Obzera adopted Anthropic Claude across its development workflow, using Claude.ai for day-to-day development assistance, Claude Desktop for local coding and file-level work, and the Claude CLI for automation and scripted workflows. Together, these tools helped Obzera cut feature cycle time from 10 days to 4 days, reduce code review cycles, and improve the quality of production deployments.
Shorten the cycle from feature specification to production deployment, moving from an 8 to 12 day average to under 5 days per feature.
Ensure technical documentation is written in parallel with code, not after release, eliminating gaps that were slowing customer onboarding.
Scale the volume of features shipped per quarter by making better use of existing capacity, with Claude handling repetitive and boilerplate tasks.
Introduce a structured first pass review using Claude before pull requests are opened to human reviewers, reducing the number of feedback iterations required.
Obzera used Claude.ai for interactive development and Claude Desktop for local coding work. For complex features like its GenAI scaling recommendation engine, Claude helped translate architecture into working Python code, cutting implementation time by roughly half.
First draft technical documentation was written in parallel with code, including API contracts, alert configuration, and integration guides. It was ready at launch, not weeks after.
The Claude CLI was scripted into the existing workflow to run a first pass check before each pull request. The check covered edge cases, pattern consistency, and test gaps without adding manual steps.

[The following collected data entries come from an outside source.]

(* Let $\mathsf{Prop}$ be a non-empty finite set of propositions and $\mathsf{L}$ any fragment of $\mathsf{CTL}(\mathsf{Prop})$. For every sample $\mathcal{S}=(\mathcal{P},\mathcal{N})$ of Kripke structures in $\mathcal{K}(\mathsf{Prop})$, if there is an $\mathcal{S}$-separating $\mathsf{L}$-formula, then there is one of size at most $2^n$, where $n:=\sum_{K\in\mathcal{P}\cup\mathcal{N}}|Q_K|$.
   Context: $\mathsf{CTL}(\mathsf{Prop})$-formulas: $\varphi::=p\mid\neg\varphi\mid\varphi\vee\varphi\mid\varphi\wedge\varphi\mid\mathcal{Q}\mathbf{X}\varphi\mid\mathcal{Q}\mathbf{F}\varphi\mid\mathcal{Q}\mathbf{G}\varphi\mid\mathcal{Q}(\varphi\,\mathbf{U}\,\varphi)$ with $p\in\mathsf{Prop}$, $\mathcal{Q}\in\{\exists,\forall\}$. A fragment is given by a subset of these operators; its formulas use only them. $\mathsf{sz}(\varphi)$ is the number of distinct subformulas. $\mathcal{K}(\mathsf{Prop})$: actionless Kripke structures $K=(Q,I,\delta,P,\pi)$ with $Q=Q_K$ finite non-empty, $I\subseteq Q$ non-empty, $\delta:Q\to2^Q$, $P\subseteq\mathsf{Prop}$, $\pi:Q\to2^P$. $\mathsf{Path}(q)$: infinite $\rho\in q\cdot Q^\omega$ with $\rho[i+1]\in\delta(\rho[i])$ for all $i$. Semantics: $q\models p$ iff $p\in\pi(q)$; Boolean connectives as usual; $q\models\mathcal{Q}\mathbf{X}\varphi$ iff $\mathcal{Q}\rho\in\mathsf{Path}(q)$, $\rho[1]\models\varphi$; $q\models\mathcal{Q}\mathbf{F}\varphi$ iff $\mathcal{Q}\rho\in\mathsf{Path}(q)$, $\exists i$, $\rho[i]\models\varphi$; $q\models\mathcal{Q}\mathbf{G}\varphi$ iff $\mathcal{Q}\rho\in\mathsf{Path}(q)$, $\forall i$, $\rho[i]\models\varphi$; $q\models\mathcal{Q}(\varphi_1\mathbf{U}\varphi_2)$ iff $\mathcal{Q}\rho\in\mathsf{Path}(q)$, $\exists i$, $\rho[i]\models\varphi_2$ and $\forall j<i$, $\rho[j]\models\varphi_1$. $K\models\varphi$ iff $q\models\varphi$ for all $q\in I$. A sample is a pair of finite sets of structures; a formula is $\mathcal{S}$-separating if satisfied by all structures in $\mathcal{P}$ and by none in $\mathcal{N}$. *)

theory Defs
  imports Main
begin

datatype 'p ctl =
    Atom 'p
  | Neg "'p ctl"
  | Or "'p ctl" "'p ctl"
  | And "'p ctl" "'p ctl"
  | ExX "'p ctl" | AllX "'p ctl"
  | ExF "'p ctl" | AllF "'p ctl"
  | ExG "'p ctl" | AllG "'p ctl"
  | ExU "'p ctl" "'p ctl" | AllU "'p ctl" "'p ctl"

text \<open>Operators from which a fragment is built (atoms are always allowed).\<close>
datatype ctl_op = OpNeg | OpOr | OpAnd | OpEX | OpAX | OpEF | OpAF | OpEG | OpAG | OpEU | OpAU

fun in_frag :: "ctl_op set \<Rightarrow> 'p set \<Rightarrow> 'p ctl \<Rightarrow> bool" where
  "in_frag L Pr (Atom p) = (p \<in> Pr)"
| "in_frag L Pr (Neg f) = (OpNeg \<in> L \<and> in_frag L Pr f)"
| "in_frag L Pr (Or f g) = (OpOr \<in> L \<and> in_frag L Pr f \<and> in_frag L Pr g)"
| "in_frag L Pr (And f g) = (OpAnd \<in> L \<and> in_frag L Pr f \<and> in_frag L Pr g)"
| "in_frag L Pr (ExX f) = (OpEX \<in> L \<and> in_frag L Pr f)"
| "in_frag L Pr (AllX f) = (OpAX \<in> L \<and> in_frag L Pr f)"
| "in_frag L Pr (ExF f) = (OpEF \<in> L \<and> in_frag L Pr f)"
| "in_frag L Pr (AllF f) = (OpAF \<in> L \<and> in_frag L Pr f)"
| "in_frag L Pr (ExG f) = (OpEG \<in> L \<and> in_frag L Pr f)"
| "in_frag L Pr (AllG f) = (OpAG \<in> L \<and> in_frag L Pr f)"
| "in_frag L Pr (ExU f g) = (OpEU \<in> L \<and> in_frag L Pr f \<and> in_frag L Pr g)"
| "in_frag L Pr (AllU f g) = (OpAU \<in> L \<and> in_frag L Pr f \<and> in_frag L Pr g)"

fun subformulas :: "'p ctl \<Rightarrow> 'p ctl set" where
  "subformulas (Atom p) = {Atom p}"
| "subformulas (Neg f) = insert (Neg f) (subformulas f)"
| "subformulas (Or f g) = insert (Or f g) (subformulas f \<union> subformulas g)"
| "subformulas (And f g) = insert (And f g) (subformulas f \<union> subformulas g)"
| "subformulas (ExX f) = insert (ExX f) (subformulas f)"
| "subformulas (AllX f) = insert (AllX f) (subformulas f)"
| "subformulas (ExF f) = insert (ExF f) (subformulas f)"
| "subformulas (AllF f) = insert (AllF f) (subformulas f)"
| "subformulas (ExG f) = insert (ExG f) (subformulas f)"
| "subformulas (AllG f) = insert (AllG f) (subformulas f)"
| "subformulas (ExU f g) = insert (ExU f g) (subformulas f \<union> subformulas g)"
| "subformulas (AllU f g) = insert (AllU f g) (subformulas f \<union> subformulas g)"

definition sz :: "'p ctl \<Rightarrow> nat" where
  "sz f = card (subformulas f)"

record ('s, 'p) kripke =
  states :: "'s set"
  init :: "'s set"
  trans :: "'s \<Rightarrow> 's set"
  props :: "'p set"
  lab :: "'s \<Rightarrow> 'p set"

definition kripke_in :: "'p set \<Rightarrow> ('s, 'p) kripke \<Rightarrow> bool" where
  "kripke_in Pr K \<longleftrightarrow>
     finite (states K) \<and> states K \<noteq> {} \<and>
     init K \<subseteq> states K \<and> init K \<noteq> {} \<and>
     (\<forall>q \<in> states K. trans K q \<subseteq> states K) \<and>
     props K \<subseteq> Pr \<and>
     (\<forall>q \<in> states K. lab K q \<subseteq> props K)"

definition paths :: "('s, 'p) kripke \<Rightarrow> 's \<Rightarrow> (nat \<Rightarrow> 's) set" where
  "paths K q = {\<rho>. \<rho> 0 = q \<and> (\<forall>i. \<rho> (Suc i) \<in> trans K (\<rho> i))}"

fun sat :: "('s, 'p) kripke \<Rightarrow> 's \<Rightarrow> 'p ctl \<Rightarrow> bool" where
  "sat K q (Atom p) = (p \<in> lab K q)"
| "sat K q (Neg f) = (\<not> sat K q f)"
| "sat K q (Or f g) = (sat K q f \<or> sat K q g)"
| "sat K q (And f g) = (sat K q f \<and> sat K q g)"
| "sat K q (ExX f) = (\<exists>\<rho> \<in> paths K q. sat K (\<rho> 1) f)"
| "sat K q (AllX f) = (\<forall>\<rho> \<in> paths K q. sat K (\<rho> 1) f)"
| "sat K q (ExF f) = (\<exists>\<rho> \<in> paths K q. \<exists>i. sat K (\<rho> i) f)"
| "sat K q (AllF f) = (\<forall>\<rho> \<in> paths K q. \<exists>i. sat K (\<rho> i) f)"
| "sat K q (ExG f) = (\<exists>\<rho> \<in> paths K q. \<forall>i. sat K (\<rho> i) f)"
| "sat K q (AllG f) = (\<forall>\<rho> \<in> paths K q. \<forall>i. sat K (\<rho> i) f)"
| "sat K q (ExU f g) = (\<exists>\<rho> \<in> paths K q. \<exists>i. sat K (\<rho> i) g \<and> (\<forall>j<i. sat K (\<rho> j) f))"
| "sat K q (AllU f g) = (\<forall>\<rho> \<in> paths K q. \<exists>i. sat K (\<rho> i) g \<and> (\<forall>j<i. sat K (\<rho> j) f))"

definition models :: "('s, 'p) kripke \<Rightarrow> 'p ctl \<Rightarrow> bool" where
  "models K f \<longleftrightarrow> (\<forall>q \<in> init K. sat K q f)"

definition separating :: "('s, 'p) kripke set \<Rightarrow> ('s, 'p) kripke set \<Rightarrow> 'p ctl \<Rightarrow> bool" where
  "separating Pos Negs f \<longleftrightarrow> (\<forall>K \<in> Pos. models K f) \<and> (\<forall>K \<in> Negs. \<not> models K f)"

end

theory Submission
  imports Defs
begin

text \<open>
  Take a separating formula of least size and identify each of its subformulas with the set of
  (structure, state) pairs of the sample at which it holds.  Two distinct subformulas \<open>a\<close>, \<open>b\<close>
  cannot have the same set: choosing \<open>b\<close> not a subformula of \<open>a\<close>, replacing \<open>b\<close> by \<open>a\<close> keeps the
  formula in the fragment, does not change its truth value at any state of the sample, and merges
  two subformulas, contradicting minimality.  Hence the subformulas inject into the powerset of
  the \<open>n\<close> pairs, and there are at most \<open>2^n\<close> of them.
\<close>

fun replace :: "'p ctl \<Rightarrow> 'p ctl \<Rightarrow> 'p ctl \<Rightarrow> 'p ctl" where
  "replace h g (Atom p) = (if Atom p = h then g else Atom p)"
| "replace h g (Neg f) = (if Neg f = h then g else Neg (replace h g f))"
| "replace h g (Or f1 f2) = (if Or f1 f2 = h then g else Or (replace h g f1) (replace h g f2))"
| "replace h g (And f1 f2) = (if And f1 f2 = h then g else And (replace h g f1) (replace h g f2))"
| "replace h g (ExX f) = (if ExX f = h then g else ExX (replace h g f))"
| "replace h g (AllX f) = (if AllX f = h then g else AllX (replace h g f))"
| "replace h g (ExF f) = (if ExF f = h then g else ExF (replace h g f))"
| "replace h g (AllF f) = (if AllF f = h then g else AllF (replace h g f))"
| "replace h g (ExG f) = (if ExG f = h then g else ExG (replace h g f))"
| "replace h g (AllG f) = (if AllG f = h then g else AllG (replace h g f))"
| "replace h g (ExU f1 f2) = (if ExU f1 f2 = h then g else ExU (replace h g f1) (replace h g f2))"
| "replace h g (AllU f1 f2) =
     (if AllU f1 f2 = h then g else AllU (replace h g f1) (replace h g f2))"

definition sat_states :: "('s, 'p) kripke set \<Rightarrow> 'p ctl \<Rightarrow> (('s, 'p) kripke \<times> 's) set" where
  "sat_states Ks f = {(K, q). K \<in> Ks \<and> q \<in> states K \<and> sat K q f}"

lemma subformulas_refl: "f \<in> subformulas f"
  by (cases f) auto

lemma subformulas_trans: "k \<in> subformulas f \<Longrightarrow> subformulas k \<subseteq> subformulas f"
  by (induction f) (auto simp: subformulas_refl)

lemma finite_subformulas: "finite (subformulas f)"
  by (induction f) auto

lemma subformulas_antisym:
  assumes "g \<in> subformulas h" and "h \<in> subformulas g"
  shows "g = h"
proof -
  have size_less: "k = f \<or> size k < size f" if "k \<in> subformulas f" for k f :: "'p ctl"
    using that by (induction f) auto
  show ?thesis
    using size_less[OF assms(1)] size_less[OF assms(2)] by auto
qed

lemma in_frag_subformula: "k \<in> subformulas f \<Longrightarrow> in_frag L Pr f \<Longrightarrow> in_frag L Pr k"
  by (induction f) auto

lemma in_frag_replace: "in_frag L Pr f \<Longrightarrow> in_frag L Pr g \<Longrightarrow> in_frag L Pr (replace h g f)"
  by (induction f) auto

lemma replace_self: "replace h g h = g"
  by (cases h) auto

lemma replace_nonoccurring: "h \<notin> subformulas f \<Longrightarrow> replace h g f = f"
  by (induction f) (auto simp: subformulas_refl)

lemma subformulas_replace:
  "subformulas (replace h g f) \<subseteq> replace h g ` subformulas f \<union> subformulas g"
  by (induction f) auto

lemma sz_replace_less:
  assumes a: "a \<in> subformulas f" and b: "b \<in> subformulas f"
    and "a \<noteq> b" and b_notin_a: "b \<notin> subformulas a"
  shows "sz (replace b a f) < sz f"
proof -
  have "subformulas a \<subseteq> replace b a ` subformulas f"
  proof
    fix k assume k: "k \<in> subformulas a"
    then have "b \<notin> subformulas k"
      using subformulas_trans b_notin_a by blast
    then have "replace b a k = k"
      by (rule replace_nonoccurring)
    moreover have "k \<in> subformulas f"
      using subformulas_trans[OF a] k by blast
    ultimately show "k \<in> replace b a ` subformulas f"
      by (metis image_eqI)
  qed
  then have sub: "subformulas (replace b a f) \<subseteq> replace b a ` subformulas f"
    using subformulas_replace[of b a f] by blast
  have "replace b a a = replace b a b"
    using b_notin_a by (simp add: replace_nonoccurring replace_self)
  then have "\<not> inj_on (replace b a) (subformulas f)"
    using a b \<open>a \<noteq> b\<close> by (meson inj_onD)
  then have "card (replace b a ` subformulas f) < card (subformulas f)"
    using card_image_le[OF finite_subformulas] inj_on_iff_eq_card[OF finite_subformulas]
    by (metis le_neq_implies_less)
  then show ?thesis
    unfolding sz_def using sub card_mono[OF finite_imageI[OF finite_subformulas]]
    by (meson le_less_trans)
qed

lemma paths_in_states:
  assumes "\<forall>q \<in> states K. trans K q \<subseteq> states K" and "q \<in> states K" and "\<rho> \<in> paths K q"
  shows "\<rho> i \<in> states K"
  using assms by (induction i) (auto simp: paths_def)

lemma sat_replace:
  assumes closed: "\<forall>q \<in> states K. trans K q \<subseteq> states K"
    and equiv: "\<forall>q \<in> states K. sat K q h = sat K q g"
    and "q \<in> states K"
  shows "sat K q (replace h g f) = sat K q f"
  using \<open>q \<in> states K\<close>
  by (induction f arbitrary: q) (use equiv paths_in_states[OF closed] in \<open>auto 4 4\<close>)

lemma separating_replace:
  assumes "\<forall>K \<in> Pos \<union> Negs. kripke_in Pr K"
    and "sat_states (Pos \<union> Negs) a = sat_states (Pos \<union> Negs) b"
    and "separating Pos Negs f"
  shows "separating Pos Negs (replace b a f)"
proof -
  have "models K (replace b a f) = models K f" if K: "K \<in> Pos \<union> Negs" for K
  proof -
    have closed: "\<forall>q \<in> states K. trans K q \<subseteq> states K" and "init K \<subseteq> states K"
      using assms(1) K unfolding kripke_in_def by auto
    moreover have "\<forall>q \<in> states K. sat K q b = sat K q a"
      using assms(2) K unfolding sat_states_def by (auto simp: set_eq_iff)
    ultimately show ?thesis
      unfolding models_def using sat_replace[OF closed] by blast
  qed
  then show ?thesis
    using assms(3) unfolding separating_def by auto
qed

lemma inj_on_sat_states_if_minimal:
  assumes kripke: "\<forall>K \<in> Pos \<union> Negs. kripke_in Pr K"
    and f: "in_frag L Pr f" "separating Pos Negs f"
    and minimal: "\<forall>f'. in_frag L Pr f' \<and> separating Pos Negs f' \<longrightarrow> sz f \<le> sz f'"
  shows "inj_on (sat_states (Pos \<union> Negs)) (subformulas f)"
proof (rule inj_onI, rule ccontr)
  fix g h
  assume g: "g \<in> subformulas f" and h: "h \<in> subformulas f" and "g \<noteq> h"
    and eq: "sat_states (Pos \<union> Negs) g = sat_states (Pos \<union> Negs) h"
  obtain a b where a: "a \<in> subformulas f" and b: "b \<in> subformulas f" and "a \<noteq> b"
    and "b \<notin> subformulas a" and ab: "sat_states (Pos \<union> Negs) a = sat_states (Pos \<union> Negs) b"
    using g h \<open>g \<noteq> h\<close> eq subformulas_antisym by metis
  have "sz (replace b a f) < sz f"
    using a b \<open>a \<noteq> b\<close> \<open>b \<notin> subformulas a\<close> by (rule sz_replace_less)
  moreover have "in_frag L Pr (replace b a f)"
    using f a in_frag_replace in_frag_subformula by blast
  moreover have "separating Pos Negs (replace b a f)"
    using kripke ab f(2) by (rule separating_replace)
  ultimately show False
    using minimal by fastforce
qed

lemma sz_le_if_inj_on_sat_states:
  assumes "finite Ks" and "\<forall>K \<in> Ks. finite (states K)"
    and "inj_on (sat_states Ks) (subformulas f)"
  shows "sz f \<le> 2 ^ (\<Sum>K \<in> Ks. card (states K))"
proof -
  have "sz f = card (sat_states Ks ` subformulas f)"
    unfolding sz_def using card_image[OF assms(3)] by simp
  also have "\<dots> \<le> card (Pow (Sigma Ks states))"
    using assms(1,2) by (intro card_mono) (auto simp: sat_states_def)
  also have "\<dots> = 2 ^ (\<Sum>K \<in> Ks. card (states K))"
    using assms(1,2) by (simp add: card_Pow)
  finally show ?thesis .
qed

theorem corollary4:
  fixes Pr :: "'p set" and L :: "ctl_op set"
    and Pos Negs :: "('s, 'p) kripke set"
  assumes "finite Pr" and "Pr \<noteq> {}"
    and "finite Pos" and "finite Negs"
    and "\<forall>K \<in> Pos \<union> Negs. kripke_in Pr K"
    and "\<exists>f. in_frag L Pr f \<and> separating Pos Negs f"
  shows "\<exists>f. in_frag L Pr f \<and> separating Pos Negs f \<and>
           sz f \<le> 2 ^ (\<Sum>K \<in> Pos \<union> Negs. card (states K))"
proof -
  let ?sep = "\<lambda>f. in_frag L Pr f \<and> separating Pos Negs f"
  obtain f where f: "?sep f" and minimal: "\<forall>f'. ?sep f' \<longrightarrow> sz f \<le> sz f'"
    using assms(6) ex_has_least_nat[of ?sep _ sz] by metis
  have "inj_on (sat_states (Pos \<union> Negs)) (subformulas f)"
    using inj_on_sat_states_if_minimal[OF assms(5)] f minimal by blast
  moreover have "\<forall>K \<in> Pos \<union> Negs. finite (states K)"
    using assms(5) unfolding kripke_in_def by blast
  ultimately have "sz f \<le> 2 ^ (\<Sum>K \<in> Pos \<union> Negs. card (states K))"
    using assms(3,4) by (intro sz_le_if_inj_on_sat_states) auto
  then show ?thesis
    using f by blast
qed

end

Claude Desktop handled shifts between coding and writing tasks, keeping attention on the work that required real judgment.
Anthropic Claude deployed in production across Obzera's feature development process by Minutus Computing, covering implementation, documentation, and pre review phases within the first sprint of adoption.
Within two quarters, feature launch documentation completeness improved from 40% to 90%, reducing customer onboarding queries.
Quarterly feature releases grew from approximately 6 to approximately 12. The increase held across two consecutive quarters without additional headcount.
Claude is now a permanent part of Obzera's development process from first implementation through pre merge review on every active feature.
| Metric | Before Claude | After Claude | Improvement |
|---|---|---|---|
| Avg. feature development cycle | 10 days | 4 days | 60% faster |
| Review/QA cycles per feature | 3 to 5 cycles | 1 to 2 cycles | 60% fewer iterations |
| Documentation completeness at launch | 40% coverage | 90% coverage | 2× improvement |
| Time on boilerplate / repetitive tasks | 30 to 40% of dev time | <10% of dev time | 3× reduction |
| Features shipped per quarter | 6 features | 12 features | 2× output increase |
| Post-deployment bugs (first 2 weeks) | Avg. 4 per feature | Avg. 1 to 2 per feature | 50% reduction |
The risk was shipping faster but shipping more bugs. Using Claude as a pre review step, and not as a replacement for review, kept quality in check. Post deployment defects dropped by about 50%.
Claude was rolled out in stages: first documentation, then implementation, then pre review. Each step was measured before moving to the next.
Claude output was treated as a first draft. A lightweight review step was added before publication to catch any gaps.
By deploying Anthropic Claude in production across its development workflow, Obzera reduced feature delivery time by 60%, doubled quarterly feature output, cut post-deployment bugs by 50%, and raised documentation completeness from 40% to 90% at launch, all without increasing headcount. Claude is now a standard part of every Obzera feature cycle, from first implementation through to documentation and pre merge review.